*** Opening of Records to use ***

(* Let $\{G^k\}$ be a $B$-strongly connected sequence of digraphs on $\{1,\dots,I\}$, let each $\mathbf{A}^k$ be compliant with $G^k$ (constant $\kappa>0$) and column stochastic, and let $\{\mathbf{u}_i^k\}_{k\ge0}\subset\mathbb{R}^m$, $i=1,\dots,I$, be signals. Consider the tracking protocol with $\phi_{(i)}^0=1$, $\mathbf{x}_{(i)}^0=\mathbf{u}_i^0$ and $$\phi_{(i)}^{k+1}=\sum_ja_{ij}^k\phi_{(j)}^k,\quad \mathbf{x}_{(i)}^{k+1}=\frac{1}{\phi_{(i)}^{k+1}}\sum_ja_{ij}^k\phi_{(j)}^k\mathbf{x}_{(j)}^k+\frac{1}{\phi_{(i)}^{k+1}}(\mathbf{u}_i^{k+1}-\mathbf{u}_i^k).$$ Then (a) $\sum_{i=1}^I\phi_{(i)}^k\mathbf{x}_{(i)}^k=\sum_{i=1}^I\mathbf{u}_i^k$ for all $k$; (b) if moreover $\lim_{k\to\infty}\|\mathbf{u}_i^{k+1}-\mathbf{u}_i^k\|=0$ for all $i$, then $\lim_{k\to\infty}\|\mathbf{x}_{(i)}^k-\bar{\mathbf{u}}^k\|=0$ for all $i$, where $\bar{\mathbf{u}}^k\triangleq\frac1I\sum_{i=1}^I\mathbf{u}_i^k$.
   Context: A digraph at time $k$ is $G^k=(V,E^k)$, $V=\{1,\dots,I\}$, with edge $(j,i)\in E^k$ meaning $j$ can send to $i$. The sequence is $B$-strongly connected if there is an integer $B>0$ such that for every $k$ the digraph with edge set $\bigcup_{t=k}^{k+B-1}E^t$ is strongly connected. $\mathbf{A}^k$ is compliant with $G^k$ (constant $\kappa>0$) if $a_{ij}^k=0$ whenever $j\ne i$ and $(j,i)\notin E^k$, $a_{ij}^k\ge\kappa$ whenever $(j,i)\in E^k$, and $a_{ii}^k\ge\kappa$; it is column stochastic if its entries are nonnegative and $\mathbf{1}^T\mathbf{A}^k=\mathbf{1}^T$. *)

theory Defs
  imports "HOL-Analysis.Analysis"
begin

text \<open>Nodes are V = {1..I}. A time-varying digraph is E :: nat \<Rightarrow> (nat \<times> nat) set;
  (j,i) \<in> E k means j can send to i at time k.\<close>

definition strongly_connected :: "nat set \<Rightarrow> (nat \<times> nat) set \<Rightarrow> bool" where
  "strongly_connected V F \<longleftrightarrow> (\<forall>i\<in>V. \<forall>j\<in>V. (i, j) \<in> F\<^sup>*)"

definition B_strongly_connected :: "nat \<Rightarrow> nat \<Rightarrow> (nat \<Rightarrow> (nat \<times> nat) set) \<Rightarrow> bool" where
  "B_strongly_connected I B E \<longleftrightarrow>
     B > 0 \<and> (\<forall>k. E k \<subseteq> {1..I} \<times> {1..I}) \<and>
     (\<forall>k. strongly_connected {1..I} (\<Union>t\<in>{k..<k+B}. E t))"

text \<open>A k i j is the entry a_ij^k.\<close>
definition compliant :: "nat \<Rightarrow> real \<Rightarrow> (nat \<times> nat) set \<Rightarrow> (nat \<Rightarrow> nat \<Rightarrow> real) \<Rightarrow> bool" where
  "compliant I \<kappa> F a \<longleftrightarrow>
     (\<forall>i\<in>{1..I}. \<forall>j\<in>{1..I}. j \<noteq> i \<and> (j, i) \<notin> F \<longrightarrow> a i j = 0) \<and>
     (\<forall>i\<in>{1..I}. \<forall>j\<in>{1..I}. (j, i) \<in> F \<longrightarrow> a i j \<ge> \<kappa>) \<and>
     (\<forall>i\<in>{1..I}. a i i \<ge> \<kappa>)"

definition column_stochastic :: "nat \<Rightarrow> (nat \<Rightarrow> nat \<Rightarrow> real) \<Rightarrow> bool" where
  "column_stochastic I a \<longleftrightarrow>
     (\<forall>i\<in>{1..I}. \<forall>j\<in>{1..I}. a i j \<ge> 0) \<and>
     (\<forall>j\<in>{1..I}. (\<Sum>i=1..I. a i j) = 1)"

primrec phi :: "nat \<Rightarrow> (nat \<Rightarrow> nat \<Rightarrow> nat \<Rightarrow> real) \<Rightarrow> nat \<Rightarrow> nat \<Rightarrow> real" where
  "phi I A 0 i = 1"
| "phi I A (Suc k) i = (\<Sum>j=1..I. A k i j * phi I A k j)"

primrec track :: "nat \<Rightarrow> (nat \<Rightarrow> nat \<Rightarrow> nat \<Rightarrow> real) \<Rightarrow> (nat \<Rightarrow> nat \<Rightarrow> 'v::real_vector)
    \<Rightarrow> nat \<Rightarrow> nat \<Rightarrow> 'v" where
  "track I A u 0 i = u 0 i"
| "track I A u (Suc k) i =
     (1 / phi I A (Suc k) i) *\<^sub>R (\<Sum>j=1..I. (A k i j * phi I A k j) *\<^sub>R track I A u k j)
     + (1 / phi I A (Suc k) i) *\<^sub>R (u (Suc k) i - u k i)"

end

theory Submission
  imports Defs
begin

text \<open>Let \<open>\<mu>\<^sup>k = (1/I) \<Sum>\<^sub>i u\<^sub>i\<^sup>k\<close> and \<open>W\<^sub>i\<^sup>k = \<phi>\<^sub>i\<^sup>k (x\<^sub>i\<^sup>k - \<mu>\<^sup>k)\<close>. Mass conservation (a) says \<open>\<Sum>\<^sub>i W\<^sub>i\<^sup>k = 0\<close>, and \<open>W\<close> obeys
  \<open>W\<^sup>k\<^sup>+\<^sup>1 = A\<^sup>k W\<^sup>k + e\<^sup>k\<^sup>+\<^sup>1\<close> with a perturbation controlled by the increments of the signals.
  Column stochastic matrices do not increase the \<open>\<ell>\<^sub>1\<close>-norm, and by \<open>B\<close>-strong connectivity
  every product of \<open>T = I B\<close> consecutive matrices has all entries at least \<open>\<kappa>\<^sup>T\<close>, so on
  zero-sum vectors it contracts the \<open>\<ell>\<^sub>1\<close>-norm by the factor \<open>1 - I \<kappa>\<^sup>T\<close>. Hence
  \<open>\<parallel>W\<^sup>k\<^sup>+\<^sup>T\<parallel>\<^sub>1 \<le> (1 - I \<kappa>\<^sup>T) \<parallel>W\<^sup>k\<parallel>\<^sub>1 + \<epsilon>\<^sub>k\<close> with \<open>\<epsilon>\<^sub>k \<rightarrow> 0\<close>, which forces \<open>W\<^sup>k \<rightarrow> 0\<close>; since
  also \<open>\<phi>\<^sub>i\<^sup>k \<ge> \<kappa>\<^sup>T\<close> for \<open>k \<ge> T\<close>, this gives \<open>x\<^sub>i\<^sup>k - \<mu>\<^sup>k \<rightarrow> 0\<close>.\<close>

lemma iterated_contraction_bound:
  fixes V :: "nat \<Rightarrow> real"
  assumes "0 < T" "0 \<le> \<rho>" "\<rho> < 1" "0 \<le> \<delta>"
    and step: "\<And>k. K \<le> k \<Longrightarrow> V (k + T) \<le> \<rho> * V k + \<delta>"
    and init: "\<And>k. k \<in> {K..<K+T} \<Longrightarrow> V k \<le> M"
    and "K \<le> k"
  shows "V k \<le> \<rho> ^ ((k - K) div T) * M + \<delta> / (1 - \<rho>)"
  using \<open>K \<le> k\<close>
proof (induction k rule: less_induct)
  case (less k)
  show ?case
  proof (cases "k < K + T")
    case True
    then have "(k - K) div T = 0" using less.prems by simp
    moreover have "0 \<le> \<delta> / (1 - \<rho>)" using assms by simp
    ultimately show ?thesis using init[of k] True less.prems by simp
  next
    case False
    define k' where "k' = k - T"
    have k': "k = k' + T" "K \<le> k'" "k' < k" using False \<open>0 < T\<close> by (auto simp: k'_def)
    have "k - K = (k' - K) + T" using k' by simp
    then have div: "(k - K) div T = Suc ((k' - K) div T)" using \<open>0 < T\<close> by simp
    have "V k \<le> \<rho> * V k' + \<delta>" using step[of k'] k' by simp
    also have "\<dots> \<le> \<rho> * (\<rho> ^ ((k' - K) div T) * M + \<delta> / (1 - \<rho>)) + \<delta>"
      using less.IH[of k'] k' assms by (simp add: mult_left_mono)
    also have "\<dots> = \<rho> ^ ((k - K) div T) * M + \<delta> / (1 - \<rho>)"
      using assms unfolding div by (simp add: field_simps)
    finally show ?thesis .
  qed
qed
lemma image_prod_well_defined:
  assumes "h1 \<in> H1" "k1 \<in> H1" "h2 \<in> H2" "k2 \<in> H2" and "h1 \<otimes> h2 = k1 \<otimes> k2"
  shows "\<phi>1 h1 \<otimes> \<phi>2 h2 = \<phi>1 k1 \<otimes> \<phi>2 k2"
proof -
  have "inv k1 \<otimes> h1 = k2 \<otimes> inv h2"
    using assms(5) mult_eq_mult_iff_inv[OF \<phi>1.dom_carrier[OF assms(1)] \<phi>2.dom_carrier[OF assms(3)]
        \<phi>1.dom_carrier[OF assms(2)] \<phi>2.dom_carrier[OF assms(4)]]
    by simp
  moreover have "inv k1 \<otimes> h1 \<in> H1" and "k2 \<otimes> inv h2 \<in> H2"
    using assms(1-4) \<phi>1.subgroup_dom \<phi>2.subgroup_dom
    by (simp_all add: subgroup.m_closed subgroup.m_inv_closed)
  ultimately show ?thesis
    using image_prod_eq_iff[OF assms(1-4)] agree by simp
qed

definition glue :: "'a \<Rightarrow> 'a" where
  "glue x = (let p = SOME p. p \<in> H1 \<times> H2 \<and> x = fst p \<otimes> snd p in \<phi>1 (fst p) \<otimes> \<phi>2 (snd p))"

lemma glue_prod:
  assumes "h1 \<in> H1" "h2 \<in> H2"
  shows "glue (h1 \<otimes> h2) = \<phi>1 h1 \<otimes> \<phi>2 h2"
proof -
  define p where "p = (SOME p. p \<in> H1 \<times> H2 \<and> h1 \<otimes> h2 = fst p \<otimes> snd p)"
  have "\<exists>p. p \<in> H1 \<times> H2 \<and> h1 \<otimes> h2 = fst p \<otimes> snd p"
    using assms by auto
  then have "p \<in> H1 \<times> H2 \<and> h1 \<otimes> h2 = fst p \<otimes> snd p"
    unfolding p_def by (rule someI_ex)
  then show ?thesis
    using image_prod_well_defined[OF assms(1) _ assms(2)] unfolding glue_def p_def[symmetric]
    by (auto simp: Let_def)
qed

lemma glue_restrict1: "x \<in> H1 \<Longrightarrow> glue x = \<phi>1 x"
  using glue_prod[of x \<one>] subgroup.one_closed[OF \<phi>2.subgroup_dom]
  by (simp add: \<phi>2.hom_one \<phi>1.dom_carrier \<phi>1.hom_carrier)

lemma glue_restrict2: "x \<in> H2 \<Longrightarrow> glue x = \<phi>2 x"
  using glue_prod[of \<one> x] subgroup.one_closed[OF \<phi>1.subgroup_dom]
  by (simp add: \<phi>1.hom_one \<phi>2.dom_carrier \<phi>2.hom_carrier)

lemma glue_image: "glue ` (H1 <#> H2) = H1' <#> H2'"
proof -
  have "H1' <#> H2' = (\<lambda>(h1, h2). \<phi>1 h1 \<otimes> \<phi>2 h2) ` (H1 \<times> H2)"
    using bij_betw_imp_surj_on[OF bij1] bij_betw_imp_surj_on[OF bij2]
    unfolding set_mult_def by auto
  also have "\<dots> = glue ` (H1 <#> H2)"
    unfolding set_mult_def by (force simp: glue_prod)
  finally show ?thesis ..
qed
text \<open>A zero in the interior of a nonnegativity interval is a local minimum, so the
  derivative, which at \<open>a\<close> equals the cofactor of \<open>t - a\<close>, vanishes there as well.\<close>

lemma nonneg_poly_interior_root:
  fixes g :: "real poly"
  assumes nonneg: "\<forall>t\<in>{-1..1}. 0 \<le> poly g t" and a: "a \<in> {-1<..<1}" and root: "poly g a = 0"
  shows "\<exists>s. g = [:-a, 1:]^2 * s \<and> (\<forall>t\<in>{-1..1}. 0 \<le> poly s t)"
proof -
  obtain h where h: "g = [:-a, 1:] * h"
    using root poly_eq_0_iff_dvd by (metis dvdE)
  have "poly (pderiv g) a = 0"
  proof (rule DERIV_local_min)
    show "DERIV (poly g) a :> poly (pderiv g) a" by (rule poly_DERIV)
    show "0 < min (a + 1) (1 - a)" using a by simp
    show "\<forall>y. \<bar>a - y\<bar> < min (a + 1) (1 - a) \<longrightarrow> poly g a \<le> poly g y"
      using nonneg root by (force simp: abs_less_iff)
  qed
  moreover have "poly (pderiv g) a = poly h a"
    unfolding h pderiv_mult by (simp add: pderiv_pCons)
  ultimately obtain s where s: "h = [:-a, 1:] * s"
    using poly_eq_0_iff_dvd by (metis dvdE)
  have g: "g = [:-a, 1:]^2 * s"
    unfolding h s power2_eq_square by (simp only: mult.assoc)
  have s_nonneg: "0 \<le> poly s t" if "t \<in> {-1..1}" "t \<noteq> a" for t
  proof -
    have "poly g t = (t - a)^2 * poly s t"
      unfolding g by (simp add: power2_eq_square algebra_simps)
    then have "0 \<le> (t - a)^2 * poly s t"
      using nonneg that(1) by metis
    moreover have "0 < (t - a)^2" using that by simp
    ultimately show ?thesis by (simp add: zero_le_mult_iff)
  qed
  have "0 \<le> poly s a"
  proof (rule tendsto_lowerbound)
    show "(poly s \<longlongrightarrow> poly s a) (at_right a)" by (intro tendsto_intros)
    have "\<forall>\<^sub>F t in at_right a. t \<in> {a<..<1}"
      using a by (intro eventually_at_right_real) simp
    then show "\<forall>\<^sub>F t in at_right a. 0 \<le> poly s t"
      by eventually_elim (use s_nonneg a in auto)
  qed simp
  with s_nonneg g show ?thesis by metis
qed

definition root_square_poly :: "real set \<Rightarrow> real poly" where
  "root_square_poly Z = (\<Prod>z\<in>Z. [:-z, 1:]^2)"

lemma root_square_poly_nonneg: "0 \<le> poly (root_square_poly Z) t"
  unfolding root_square_poly_def by (simp add: poly_prod prod_nonneg)

lemma root_square_poly_root: "finite Z \<Longrightarrow> z \<in> Z \<Longrightarrow> poly (root_square_poly Z) z = 0"
  unfolding root_square_poly_def by (auto simp: poly_prod prod_zero_iff)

*** Close of Records to use ***

◆ Problem statement: Report each line in the data that holds the word "delta".

◆ Response below:
  assumes "0 < T" "0 \<le> \<rho>" "\<rho> < 1" "0 \<le> \<delta>"
    and step: "\<And>k. K \<le> k \<Longrightarrow> V (k + T) \<le> \<rho> * V k + \<delta>"
  shows "V k \<le> \<rho> ^ ((k - K) div T) * M + \<delta> / (1 - \<rho>)"
    moreover have "0 \<le> \<delta> / (1 - \<rho>)" using assms by simp
    have "V k \<le> \<rho> * V k' + \<delta>" using step[of k'] k' by simp
    also have "\<dots> \<le> \<rho> * (\<rho> ^ ((k' - K) div T) * M + \<delta> / (1 - \<rho>)) + \<delta>"
    also have "\<dots> = \<rho> ^ ((k - K) div T) * M + \<delta> / (1 - \<rho>)"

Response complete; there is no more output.